A lot of the work is done in software, and they have adapted their CAD programs to create three-dimensional airfoils in multiple pieces. They then use what they call variablemolding tables to consolidate the pieces together.

“It creates a proper airfoil that allows sailboats to sail as well as, if not better than, the sail technology that’s out there today,” Kiss said.

It’s the opaqueness of the PhotoSails sail that is the important element of the process.
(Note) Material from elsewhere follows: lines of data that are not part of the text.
lemma in_normal_closure_append:
  assumes "in_normal_closure Conj R x" "in_normal_closure Conj R y"
  shows "in_normal_closure Conj R (x @ y)"
proof -
  obtain v v' where "v \<in> conj_products Conj R" "free_eq x v"
    and "v' \<in> conj_products Conj R" "free_eq y v'"
    using assms unfolding in_normal_closure_def by blast
  moreover from this have "free_eq (x @ y) (v @ v')"
    using free_eq_append_cong[of x v "[]" y] free_eq_append_cong[of y v' v "[]"]
    by (auto intro: free_eq_trans)
  ultimately show ?thesis
    unfolding in_normal_closure_def by (blast intro: conj_products_append)
qed

lemma in_normal_closure_inv_word:
  "in_normal_closure Conj R x \<Longrightarrow> in_normal_closure Conj R (inv_word x)"
  unfolding in_normal_closure_def using free_eq_inv_word conj_products_inv_word by blast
Most sailboat sails are translucent—when you see them out on the water on a sunny day, the sun shines through and lights them up, and it’s a rather beautiful sight—the kind of effect that makes someone want to buy a boat in the first place. However, when you have paid advertising on both sides of a sail, the sun can’t shine through; it would be the sail equivalent of showthrough. The only way to accomplish this on a translucent sail is to mirror the image on both sides of the sail precisely using multiple pieces of sail cloth.

“It’s a nightmare process and one side is backwards,” Kiss said. “If you miss the mirroring perfectly, then it looks like it’s blurry.”

PhotoSails has grown consistently from year-to-year, although sail-based advertising does require a fairly significant advertising budget.

“Almost all of our clients are Fortune 500 companies,” Kiss said. “This is not for Billy Bob’s Pizza Shack. This isn’t a bus wrap or a park bench or something like that. This is something that is dealing with half a million- and million-dollar yachts.”

The boat doesn’t even need to leave the dock—which presents an interesting way to get around sign codes regulating

advertising signage.

“We’ve been doing a beach program called Beach Billboards,” Kiss said. “Coca-Cola wanted to have their signage on a beach, but that’s highly regulated. We were putting our signs on sailboat rentals, and people were walking by them every day and looking at them. And the rental people loved it because they’re getting a free set of sails and getting subsidized by Coca-Cola for putting the sail up. So they’re making money without the boat even going out.”